WORK TASK -
Return the lines exactly as they stand, from the first of the material through the line containing "(\<forall>gam \<xi> \<eta>.".

INPUT DATA -
┌──

theorem theorem2p3:
  fixes B :: "'k::{real_normed_field,banach} ^ 'n \<Rightarrow> 'k ^ 'n \<Rightarrow> 'k ^ 'n"
    and R :: "'k ^ 'n \<Rightarrow> 'k ^ 'n"
    and c :: 'k
  assumes lie: "is_lie_bracket (*s) B"
    and R_lin: "\<forall>a u v. R (a *s u + v) = a *s R u + R v"
    and Rmat: "is_R_matrix sc2 (prod_br B) (Rcal R c)"
  shows
    "(\<forall>F. smooth F \<and> Ad_star_invariant B F \<longrightarrow>
          casimir (R_bracket B (Rcal R c)) (F \<circ> psi 1))
   \<and> (\<forall>F H lam gam. smooth F \<and> Ad_star_invariant B F \<and> smooth H \<and> Ad_star_invariant B H \<longrightarrow>
          (\<forall>p. R_bracket B (Rcal R c) (F \<circ> psi lam) (H \<circ> psi gam) p = 0))
   \<and> (\<forall>F H (l::nat) (k::nat) Fs Hs.
          poly_degree F l \<and> poly_degree H k \<and> Ad_star_invariant B F \<and> Ad_star_invariant B H \<and>
          (\<forall>lam \<xi> \<eta>. F (lam *s \<xi> - \<eta>) = (\<Sum>i\<le>l. lam ^ i * Fs i (\<xi>, \<eta>))) \<and>
          (\<forall>gam \<xi> \<eta>. H (gam *s \<xi> - \<eta>) = (\<Sum>j\<le>k. gam ^ j * Hs j (\<xi>, \<eta>))) \<longrightarrow>
          (\<forall>A\<in>Fs ` {..l} \<union> Hs ` {..k}. \<forall>C\<in>Fs ` {..l} \<union> Hs ` {..k}.
              \<forall>p. R_bracket B (Rcal R c) A C p = 0))
   \<and> (c = 1 \<longrightarrow> (\<forall>F H. smooth F \<and> smooth H \<longrightarrow>
          (\<forall>p. R_bracket B (Rcal R c) (F \<circ> psi 1) (H \<circ> psi 1) p = LP_bracket B F H (psi 1 p))))"
proof -
  interpret lie_algebra_endomorphism B R
    using lie R_lin by unfold_locales (simp_all add: k_linear_def)
  have smooth_kdifferentiable: "kdifferentiable F x" if "smooth F" for F :: "'k ^ 'n \<Rightarrow> 'k" and x
    using that by (intro C1_kdifferentiable smooth_C1)
  show ?thesis
    unfolding casimir_def poly_degree_def
    by (auto intro: R_bracket_psi_1_left_eq_0 R_bracket_psi_eq_0 R_bracket_coefficients_eq_0
        R_bracket_psi_1_eq_LP_bracket smooth_C1 poly_le_C1 smooth_kdifferentiable)
qed

end
(* Let $a,b,g,m,n>0$ and $0<e<1$, and consider the planar system $$\dot x=a-ex-\frac{xy}{1+gy},\qquad \dot y=\frac{xy}{1+gy}-y-\frac{my}{b+ny}.$$ Let $E_0=\left(\frac{a}{e},0\right)$ be its disease-free equilibrium. Then: (1) if $a<\frac{e(m+b)}{b}$, $E_0$ is locally asymptotically stable and is a stable node; if $a>\frac{e(m+b)}{b}$, $E_0$ is a saddle point; (2) if $a=\frac{e(m+b)}{b}$ and $n\neq\frac{(eg+1)b^2+m(eg+1)b}{me}$, then $E_0$ is a saddle-node.
   Context: The system is a rescaled SIR epidemic model with saturated infection rate and saturated treatment rate; $x$ is the (rescaled) susceptible population and $y$ the (rescaled) infected population. *)

theory Defs
  imports "HOL-Analysis.Analysis"
begin

definition sir_field :: "real \<Rightarrow> real \<Rightarrow> real \<Rightarrow> real \<Rightarrow> real \<Rightarrow> real \<Rightarrow> real \<times> real \<Rightarrow> real \<times> real" where
  "sir_field a b e g m n = (\<lambda>(x, y).
     (a - e * x - x * y / (1 + g * y),
      x * y / (1 + g * y) - y - m * y / (b + n * y)))"

definition is_solution :: "(real \<times> real \<Rightarrow> real \<times> real) \<Rightarrow> (real \<Rightarrow> real \<times> real) \<Rightarrow> bool" where
  "is_solution F z \<longleftrightarrow> (\<forall>t\<ge>0. (z has_vector_derivative F (z t)) (at t within {0..}))"

definition loc_asymp_stable :: "(real \<times> real \<Rightarrow> real \<times> real) \<Rightarrow> real \<times> real \<Rightarrow> bool" where
  "loc_asymp_stable F p \<longleftrightarrow> F p = 0 \<and>
     (\<forall>\<epsilon>>0. \<exists>\<delta>>0. \<forall>z. is_solution F z \<and> dist (z 0) p < \<delta> \<longrightarrow> (\<forall>t\<ge>0. dist (z t) p < \<epsilon>)) \<and>
     (\<exists>\<delta>>0. \<forall>z. is_solution F z \<and> dist (z 0) p < \<delta> \<longrightarrow> (z \<longlongrightarrow> p) at_top)"
text \<open>\<open>cross_ratio\<close> is defined through some choice of frame; in that frame it is the
  complex cross-ratio of the coordinates.\<close>

lemma cross_ratio_in_frame:
  assumes "orthonormal_frame U V"
    and "A = plane_emb p U V z0" "B = plane_emb p U V z1"
    and "C = plane_emb p U V z2" "D = plane_emb p U V z3"
    and real: "(z0 - z1) * inverse (z1 - z2) * (z2 - z3) * inverse (z3 - z0) \<in> \<real>"
  obtains U' V' p' w0 w1 w2 w3 where "orthonormal_frame U' V'"
    and "A = plane_emb p' U' V' w0" "B = plane_emb p' U' V' w1"
    and "C = plane_emb p' U' V' w2" "D = plane_emb p' U' V' w3"
    and "of_real (cross_ratio A B C D) = (w0 - w1) * inverse (w1 - w2) * (w2 - w3) * inverse (w3 - w0)"
proof -
  let ?P = "\<lambda>r::real. \<exists>p u v za zb zc zd.
      norm u = 1 \<and> norm v = 1 \<and> inner u v = 0 \<and>
      plane_emb p u v za = A \<and> plane_emb p u v zb = B \<and>
      plane_emb p u v zc = C \<and> plane_emb p u v zd = D \<and>
      complex_of_real r = (za - zb) * inverse (zb - zc) * (zc - zd) * inverse (zd - za)"
  have "?P (Re ((z0 - z1) * inverse (z1 - z2) * (z2 - z3) * inverse (z3 - z0)))"
    using assms of_real_Re[OF real] unfolding orthonormal_frame_def
    by (rule_tac exI[of _ p], rule_tac exI[of _ U], rule_tac exI[of _ V]) auto
  from someI[of ?P, OF this] obtain p' u v w0 w1 w2 w3 where W:
    "norm u = 1" "norm v = 1" "inner u v = 0"
    "plane_emb p' u v w0 = A" "plane_emb p' u v w1 = B" "plane_emb p' u v w2 = C" "plane_emb p' u v w3 = D"
    "of_real (cross_ratio A B C D) = (w0 - w1) * inverse (w1 - w2) * (w2 - w3) * inverse (w3 - w0)"
    unfolding cross_ratio_def by blast
  have "orthonormal_frame u v" using W(1-3) by (simp add: orthonormal_frame_def)
  from that[OF this W(4-7)[symmetric] W(8)] show ?thesis .
qed
(* Let $d$ be a symmetric nonnegative function on a set $\mathcal X$ with $d(x,z)\le M(d(x,y)+d(y,z))$ for all $x,y,z\in\mathcal X$. Let $\mathcal S\subset\mathcal X$ be finite, $\mathcal C_{\mathrm{OPT}}\subset\mathcal X$ a set of $K$ centers minimizing $\sum_{x\in\mathcal S}\min_{c\in\mathcal C}d(x,c)^2$, and let $A\subseteq\mathcal S$ be one cluster of the partition of $\mathcal S$ induced by $\mathcal C_{\mathrm{OPT}}$ (points sharing the same nearest optimal center). Let $\mathcal C$ be an arbitrary set of centers, $D(a)=\min_{c\in\mathcal C}d(a,c)$, and define $\Upsilon(A)=\sum_{a\in A}\min_{c\in\mathcal C}d(a,c)^2$ and $\Upsilon_{\mathrm{OPT}}(A)=\sum_{a\in A}\min_{c\in\mathcal C_{\mathrm{OPT}}}d(a,c)^2$. If a random center $a_0\in A$ is added to $\mathcal C$, chosen with probability $D(a_0)^2/\sum_{a\in A}D(a)^2$, then, with $\Upsilon(A)$ computed for the enlarged center set, $\mathbb E[\Upsilon(A)]\le16M^4\,\Upsilon_{\mathrm{OPT}}(A)$. *)

theory Defs
  imports Main "HOL.Real"
begin

definition Dmin :: "('a \<Rightarrow> 'a \<Rightarrow> real) \<Rightarrow> 'a set \<Rightarrow> 'a \<Rightarrow> real" where
  "Dmin d C x = Min ((\<lambda>c. d x c) ` C)"

definition Upsilon :: "('a \<Rightarrow> 'a \<Rightarrow> real) \<Rightarrow> 'a set \<Rightarrow> 'a set \<Rightarrow> real" where
  "Upsilon d C A = (\<Sum>a\<in>A. (Dmin d C a)^2)"

definition expected_Upsilon :: "('a \<Rightarrow> 'a \<Rightarrow> real) \<Rightarrow> 'a set \<Rightarrow> 'a set \<Rightarrow> real" where
  "expected_Upsilon d C A =
     (\<Sum>a0\<in>A. ((Dmin d C a0)^2 / (\<Sum>a\<in>A. (Dmin d C a)^2)) * Upsilon d (insert a0 C) A)"

end

theory Submission
  imports Defs
begin

text \<open>Write \<open>D\<close> for the distance to the current centers and \<open>E b = \<Sum>a\<in>A. d a b\<^sup>2\<close>.
  The relaxed triangle inequality gives \<open>D b\<^sup>2 \<le> 2M\<^sup>2 (D a\<^sup>2 + d a b\<^sup>2)\<close>; averaging over
  \<open>a \<in> A\<close> bounds the sampling probability of \<open>b\<close> by \<open>2M\<^sup>2 (1/|A| + E b / (|A| \<Upsilon>(A)))\<close>.
  After adding \<open>b\<close> the potential is at most both \<open>\<Upsilon>(A)\<close> and \<open>E b\<close>, so the expected
  potential is at most \<open>4M\<^sup>2/|A| \<Sum>b\<in>A. E b\<close>. Applying the squared relaxed triangle
  inequality once more through the center \<open>c\<^sub>0\<close> bounds this double sum by
  \<open>4M\<^sup>2 |A| \<Sum>a\<in>A. d a c\<^sub>0\<^sup>2\<close>, and the latter sum is \<open>\<Upsilon>\<^sub>O\<^sub>P\<^sub>T(A)\<close> because \<open>c\<^sub>0\<close> is the
  nearest optimal center of every point of \<open>A\<close>.\<close>

lemma Dmin_le:
  assumes "finite C" "c \<in> C"
  shows "Dmin d C a \<le> d a c"
  using assms by (simp add: Dmin_def)

lemma Dmin_attained:
  assumes "finite C" "C \<noteq> {}"
  obtains c where "c \<in> C" "Dmin d C a = d a c"
proof -
  have "Min ((\<lambda>c. d a c) ` C) \<in> (\<lambda>c. d a c) ` C" using assms by (intro Min_in) auto
  then show ?thesis using that unfolding Dmin_def by auto
qed

lemma Dmin_insert:
  assumes "finite C" "C \<noteq> {}"
  shows "Dmin d (insert x C) a = min (d a x) (Dmin d C a)"
  using assms by (simp add: Dmin_def Min_insert)

lemma power2_le_of_le_mult_add:
  fixes M x y z :: real
  assumes "0 \<le> x" "x \<le> M * (y + z)"
  shows "x\<^sup>2 \<le> 2 * M\<^sup>2 * (y\<^sup>2 + z\<^sup>2)"
proof -
  have "x\<^sup>2 \<le> (M * (y + z))\<^sup>2" using assms by (intro power_mono) auto
  also have "\<dots> = M\<^sup>2 * (y + z)\<^sup>2" by (simp add: power_mult_distrib)
  also have "\<dots> \<le> M\<^sup>2 * (2 * (y\<^sup>2 + z\<^sup>2))"
  proof (rule mult_left_mono)
    have "0 \<le> (y - z)\<^sup>2" by simp
    then show "(y + z)\<^sup>2 \<le> 2 * (y\<^sup>2 + z\<^sup>2)" by (simp add: power2_eq_square algebra_simps)
  qed simp
  finally show ?thesis by (simp add: algebra_simps)
qed

locale relaxed_semimetric =
  fixes d :: "'a \<Rightarrow> 'a \<Rightarrow> real" and M :: real
  assumes sym: "d x y = d y x"
    and nonneg: "0 \<le> d x y"
    and relaxed_tri: "d x z \<le> M * (d x y + d y z)"
begin

lemma power2_relaxed_tri: "(d x z)\<^sup>2 \<le> 2 * M\<^sup>2 * ((d x y)\<^sup>2 + (d y z)\<^sup>2)"
  by (rule power2_le_of_le_mult_add[OF nonneg relaxed_tri])

lemma Dmin_nonneg:
  assumes "finite C" "C \<noteq> {}"
  shows "0 \<le> Dmin d C a"
  using Dmin_attained[OF assms] nonneg by metis

lemma Upsilon_nonneg: "0 \<le> Upsilon d C A"
  unfolding Upsilon_def by (simp add: sum_nonneg)

lemma Upsilon_insert_le:
  assumes "finite C" "C \<noteq> {}"
  shows "Upsilon d (insert b C) A \<le> Upsilon d C A"
    and "Upsilon d (insert b C) A \<le> (\<Sum>a\<in>A. (d a b)\<^sup>2)"
  unfolding Upsilon_def Dmin_insert[OF assms]
  by (intro sum_mono power_mono; simp add: nonneg Dmin_nonneg[OF assms])+

lemma card_mult_Dmin_power2_le:
  assumes "finite C" "C \<noteq> {}"
  shows "real (card A) * (Dmin d C b)\<^sup>2 \<le> 2 * M\<^sup>2 * (Upsilon d C A + (\<Sum>a\<in>A. (d a b)\<^sup>2))"
proof -
  have "(Dmin d C b)\<^sup>2 \<le> 2 * M\<^sup>2 * ((Dmin d C a)\<^sup>2 + (d a b)\<^sup>2)" for a
  proof -
    obtain c where c: "c \<in> C" "Dmin d C a = d a c" using Dmin_attained[OF assms] .
    have "Dmin d C b \<le> d b c" by (rule Dmin_le[OF assms(1) c(1)])
    also have "\<dots> \<le> M * (d b a + d a c)" by (rule relaxed_tri)
    finally have "Dmin d C b \<le> M * (Dmin d C a + d a b)" using c sym by (simp add: add.commute)
    then show ?thesis by (rule power2_le_of_le_mult_add[OF Dmin_nonneg[OF assms]])
  qed
  then have "(\<Sum>a\<in>A. (Dmin d C b)\<^sup>2) \<le> (\<Sum>a\<in>A. 2 * M\<^sup>2 * ((Dmin d C a)\<^sup>2 + (d a b)\<^sup>2))"
    by (intro sum_mono)
  then show ?thesis by (simp add: Upsilon_def sum_distrib_left[symmetric] sum.distrib)
qed

lemma card_mult_sampling_term_le:
  assumes "finite C" "C \<noteq> {}" and pos: "0 < Upsilon d C A"
  shows "real (card A) * ((Dmin d C b)\<^sup>2 / Upsilon d C A * Upsilon d (insert b C) A)
    \<le> 4 * M\<^sup>2 * (\<Sum>a\<in>A. (d a b)\<^sup>2)"
proof -
  define T U E where "T = Upsilon d C A" and "U = Upsilon d (insert b C) A"
    and "E = (\<Sum>a\<in>A. (d a b)\<^sup>2)"
  have U_le: "U \<le> T" "U \<le> E" using Upsilon_insert_le[OF assms(1,2)] by (auto simp: T_def U_def E_def)
  have "0 \<le> U" "0 \<le> E" by (auto simp: T_def U_def E_def Upsilon_nonneg nonneg sum_nonneg)
  have "real (card A) * ((Dmin d C b)\<^sup>2 / T * U) = (real (card A) * (Dmin d C b)\<^sup>2) * U / T"
    by simp
  also have "\<dots> \<le> (2 * M\<^sup>2 * (T + E)) * U / T"
    using card_mult_Dmin_power2_le[OF assms(1,2)] \<open>0 \<le> U\<close> pos
    by (intro divide_right_mono mult_right_mono) (auto simp: T_def U_def E_def)
  also have "\<dots> = 2 * M\<^sup>2 * (U + E * (U / T))" using pos by (simp add: T_def U_def E_def field_simps)
  also have "\<dots> \<le> 2 * M\<^sup>2 * (E + E * 1)"
    using U_le pos \<open>0 \<le> E\<close> by (intro mult_left_mono add_mono) (auto simp: T_def U_def E_def)
  finally show ?thesis by (simp add: T_def U_def E_def)
qed

lemma card_mult_expected_Upsilon_le:
  assumes "finite C" "C \<noteq> {}"
  shows "real (card A) * expected_Upsilon d C A \<le> 4 * M\<^sup>2 * (\<Sum>b\<in>A. \<Sum>a\<in>A. (d a b)\<^sup>2)"
proof (cases "Upsilon d C A = 0")
  case True
  then show ?thesis
    by (simp add: expected_Upsilon_def Upsilon_def[symmetric] sum_nonneg nonneg)
next
  case False
  then have "0 < Upsilon d C A" using Upsilon_nonneg by (simp add: order_less_le)
  then have "(\<Sum>b\<in>A. real (card A) * ((Dmin d C b)\<^sup>2 / Upsilon d C A * Upsilon d (insert b C) A))
      \<le> (\<Sum>b\<in>A. 4 * M\<^sup>2 * (\<Sum>a\<in>A. (d a b)\<^sup>2))"
    by (intro sum_mono card_mult_sampling_term_le[OF assms])
  then show ?thesis
    by (simp add: expected_Upsilon_def Upsilon_def[symmetric] sum_distrib_left)
qed

lemma pairwise_power2_sum_le:
  "(\<Sum>b\<in>A. \<Sum>a\<in>A. (d a b)\<^sup>2) \<le> 4 * M\<^sup>2 * real (card A) * (\<Sum>a\<in>A. (d a c)\<^sup>2)"
proof -
  have "(\<Sum>b\<in>A. \<Sum>a\<in>A. (d a b)\<^sup>2) \<le> (\<Sum>b\<in>A. \<Sum>a\<in>A. 2 * M\<^sup>2 * ((d a c)\<^sup>2 + (d b c)\<^sup>2))"
    using power2_relaxed_tri sym by (intro sum_mono) metis
  also have "\<dots> = 4 * M\<^sup>2 * real (card A) * (\<Sum>a\<in>A. (d a c)\<^sup>2)"
    by (simp add: sum.distrib sum_distrib_left[symmetric] algebra_simps)
  finally show ?thesis .
qed

theorem expected_Upsilon_le:
  assumes "finite C" "C \<noteq> {}"
  shows "expected_Upsilon d C A \<le> 16 * M ^ 4 * (\<Sum>a\<in>A. (d a c)\<^sup>2)"
proof (cases "card A = 0")
  case True
  then have "expected_Upsilon d C A = 0" by (cases "finite A") (auto simp: expected_Upsilon_def)
  then show ?thesis by (simp add: sum_nonneg)
next
  case False
  then have n: "0 < real (card A)" by simp
  have "real (card A) * expected_Upsilon d C A
      \<le> real (card A) * (16 * M ^ 4 * (\<Sum>a\<in>A. (d a c)\<^sup>2))"
    using card_mult_expected_Upsilon_le[OF assms, of A]
      mult_left_mono[OF pairwise_power2_sum_le[of A c], of "4 * M\<^sup>2"]
    by (simp add: power4_eq_xxxx power2_eq_square algebra_simps)
  then show ?thesis using n by simp
qed

end

theorem lemma3:
  fixes d :: "'a \<Rightarrow> 'a \<Rightarrow> real" and M :: real and K :: nat
    and S Copt C A :: "'a set" and assign :: "'a \<Rightarrow> 'a" and c0 :: 'a
  assumes sym: "\<And>x y. d x y = d y x"
    and nonneg: "\<And>x y. d x y \<ge> 0"
    and relaxed_tri: "\<And>x y z. d x z \<le> M * (d x y + d y z)"
    and finS: "finite S"
    and Copt_fin: "finite Copt" and Copt_card: "card Copt = K"
    and Copt_opt: "\<And>C'. finite C' \<Longrightarrow> card C' = K \<Longrightarrow> Upsilon d Copt S \<le> Upsilon d C' S"
    and assign_in: "\<And>x. x \<in> S \<Longrightarrow> assign x \<in> Copt"
    and assign_nearest: "\<And>x. x \<in> S \<Longrightarrow> d x (assign x) = Dmin d Copt x"
    and c0: "c0 \<in> Copt"
    and A_def: "A = {x \<in> S. assign x = c0}"
    and C_fin: "finite C" and C_ne: "C \<noteq> {}"
  shows "expected_Upsilon d C A \<le> 16 * M^4 * Upsilon d Copt A"
proof -
  interpret relaxed_semimetric d M
    using sym nonneg relaxed_tri by unfold_locales
  have "Upsilon d Copt A = (\<Sum>a\<in>A. (d a c0)\<^sup>2)"
    unfolding Upsilon_def by (rule sum.cong) (auto simp: A_def assign_nearest[symmetric])
  then show ?thesis using expected_Upsilon_le[OF C_fin C_ne] by simp
qed

end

└──

ANSWER SPACE -
theorem theorem2p3:
  fixes B :: "'k::{real_normed_field,banach} ^ 'n \<Rightarrow> 'k ^ 'n \<Rightarrow> 'k ^ 'n"
    and R :: "'k ^ 'n \<Rightarrow> 'k ^ 'n"
    and c :: 'k
  assumes lie: "is_lie_bracket (*s) B"
    and R_lin: "\<forall>a u v. R (a *s u + v) = a *s R u + R v"
    and Rmat: "is_R_matrix sc2 (prod_br B) (Rcal R c)"
  shows
    "(\<forall>F. smooth F \<and> Ad_star_invariant B F \<longrightarrow>
          casimir (R_bracket B (Rcal R c)) (F \<circ> psi 1))
   \<and> (\<forall>F H lam gam. smooth F \<and> Ad_star_invariant B F \<and> smooth H \<and> Ad_star_invariant B H \<longrightarrow>
          (\<forall>p. R_bracket B (Rcal R c) (F \<circ> psi lam) (H \<circ> psi gam) p = 0))
   \<and> (\<forall>F H (l::nat) (k::nat) Fs Hs.
          poly_degree F l \<and> poly_degree H k \<and> Ad_star_invariant B F \<and> Ad_star_invariant B H \<and>
          (\<forall>lam \<xi> \<eta>. F (lam *s \<xi> - \<eta>) = (\<Sum>i\<le>l. lam ^ i * Fs i (\<xi>, \<eta>))) \<and>
          (\<forall>gam \<xi> \<eta>. H (gam *s \<xi> - \<eta>) = (\<Sum>j\<le>k. gam ^ j * Hs j (\<xi>, \<eta>))) \<longrightarrow>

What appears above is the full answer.